Outcomes of Laparoscopic Cholecystectomy at a THQ Hospital Lahore

Authors

  • Sidra Dil Muhammad Consultant General Surgeon, Department of General Surgery, Government THQ Hospital Sabzazar, Lahore
  • Muhammad Saad Faisal Professor of Surgery, Department of General Surgery, Sharif Medical & Dental College, Raiwind Road, Lahore, Pakistan.
  • Nabila Salamat Senior Registrar, Department of General Surgery, Mayo hospital, Lahore, Pakistan.
  • Muhammad Rizwan Saeed Medical Officer, Department of General Surgery, Government THQ Hospital Sabzazar, Lahore, Pakistan.
  • Fatima Mushtaq Senior House Officer, Department of Orthopedic Surgery, Our lady's Hospital Navan Co Meath Ireland.

DOI:

https://doi.org/10.47883/jszmc.v15i01.273

Keywords:

Laparoscopic cholecystectomy, outcome, cholecystitis

Abstract

Background: Laparoscopic Cholecystectomy is frequently performed surgery with its own benefits and risks as compared to open cholecystectomy.

Objective: To evaluate the short-term outcomes of laparoscopic cholecystectomy performed at a Public Sector Hospital in Lahore, Pakistan.

Methodology: A retrospective analysis of 239 patients with gallbladder disease who underwent laparoscopic cholecystectomy between May 2021 and September 2023 at Government THQ Hospital Sabzazar was conducted.
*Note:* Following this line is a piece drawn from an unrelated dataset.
(* Let $V$ be any $\mathcal{U}(\widehat{\mathfrak{sl}}_2)$-module of the form $D^{k,t}_0$ or $D^{\pm,k,t}_j$ (with $k\in\mathbb{Z}$, $k<-2$, $j\in-\tfrac12\mathbb{N}$, $t\in\mathbb{Z}$), so that the contragredient is defined for $V$ and for its spectral-flow images. Then for every $s\in\mathbb{Z}$ one has the equality of $\mathcal{U}(\widehat{\mathfrak{sl}}_2)$-modules $(V^s)^\curlyvee=(V^\curlyvee)^{-s}$ (same underlying vector space, same action).
   Context: $\widehat{\mathfrak{sl}}_2$ has generators $J^a_n$ ($a\in\{+,-,0\}$, $n\in\mathbb{Z}$), $K$, $d$ with $[J^+_m,J^-_n]=J^0_{m+n}+Km\delta_{m+n,0}$, $[J^0_m,J^\pm_n]=\pm2J^\pm_{m+n}$, $[J^0_m,J^0_n]=2Km\delta_{m+n,0}$, $[J^\pm_m,J^\pm_n]=0$, $[d,J^a_n]=nJ^a_n$, $K$ central. For $j\in-\tfrac12\mathbb{N}$, $D^\pm_j$ are the $\mathfrak{sl}_2=\mathrm{span}\{J^a_0\}$-modules with bases $\{|j,m\rangle_\pm\}_{m\ge0}$, $J^0|j,m\rangle_\pm=\pm2(m-j)|j,m\rangle_\pm$, $J^\pm|j,m\rangle_\pm=\sqrt{(m+1)(m-2j)}|j,m+1\rangle_\pm$, $J^\mp|j,m\rangle_\pm=-\sqrt{m(m-1-2j)}|j,m-1\rangle_\pm$, and $D_0=\mathbb{C}$ is trivial. With $\mathfrak{r}_+=\mathrm{span}\{J^a_n:n\ge1\}$, $\mathfrak{k}=\mathrm{span}\{J^a_0,K,d\}$, the prolongation at level $k$ is $V^k=\mathcal{U}(\widehat{\mathfrak{sl}}_2)\otimes_{\mathcal{U}(\mathfrak{k}\oplus\mathfrak{r}_+)}V^{(k)}$, with $K=k$, $\mathfrak{r}_+=0$ and $d$ acting by $-\frac{j(j+1)}{k+2}$ (resp. $0$ for $D_0$) on $V^{(k)}=V$. The spectral flow automorphism $\vartheta_s$ is $J^\pm_n\mapsto J^\pm_{n\mp s}$, $J^0_n\mapsto J^0_n-sK\delta_{n,0}$, $K\mapsto K$, $d\mapsto d+\frac s2J^0_0-\frac{s^2}4K$, and $W^s=(W,\rho\circ\vartheta_s)$ for a module $(W,\rho)$. $D^{\pm,k,t}_j=((D^\pm_j)^k)^t$, $D^{k,t}_0=((D_0)^k)^t$. For such a module $V$, with distinguished cyclic vector $v_0=1\otimes|j,0\rangle_\pm$ (resp. $1\otimes1$) having $d$- and $J^0_0$-eigenvalues $\delta_0,q_0$, put $V_{m,n}=\{v:dv=(\delta_0-m)v,\ J^0_0v=(q_0+2n)v\}$; the contragredient is $V^\curlyvee=\bigoplus_{m,n}V_{m,n}^*$ with $(J^a_n\varphi)(v)=-\varphi(J^a_{-n}v)$, $(K\varphi)(v)=\varphi(Kv)$, $(d\varphi)(v)=\varphi(dv)$. (The subspaces $V_{m,n}$ of $V$ and of $V^s$ coincide as subspaces of the common underlying vector space.) *)

theory Defs
  imports Complex_Main
begin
Procedures were performed by a single consultant surgeon using standardized techniques, including the triangle of safety methodology and a four-port approach. Data on demographic characteristics, operative details, and postoperative outcomes were collected and analyzed.

Results: Mean patient age was 46.8±8 years, with a female predominance (91.2%) with a male-to-female ratio 1:10). Mean BMI was 33.5±3.9 kg/m², and 88.28% had prior abdominal surgery. The most common indications for surgery were interval cholecystectomy (26.77%) and biliary colic (23.43%). Mean operative time, hospital stay, and drain duration were 57.06 ± 18.10 minutes, 2.01 ± 1.10 days, and 3.69 ± 2.34 days, respectively. No cases of biliary, vascular, or visceral injury, bile leak, surgical site infection, or mortality were observed. Overall complication rates ranged from 0.41% (port-site hemorrhage) to 9 (3.76%) (conversion to open cholecystectomy).

Conclusion: Adherence to standardized surgical protocols, including meticulous dissection, strict application of the triangle of safety methodology, and four-port technique, contributes to low complication rates and favorable short-term outcomes in laparoscopic cholecystectomy, even in resource-limited settings.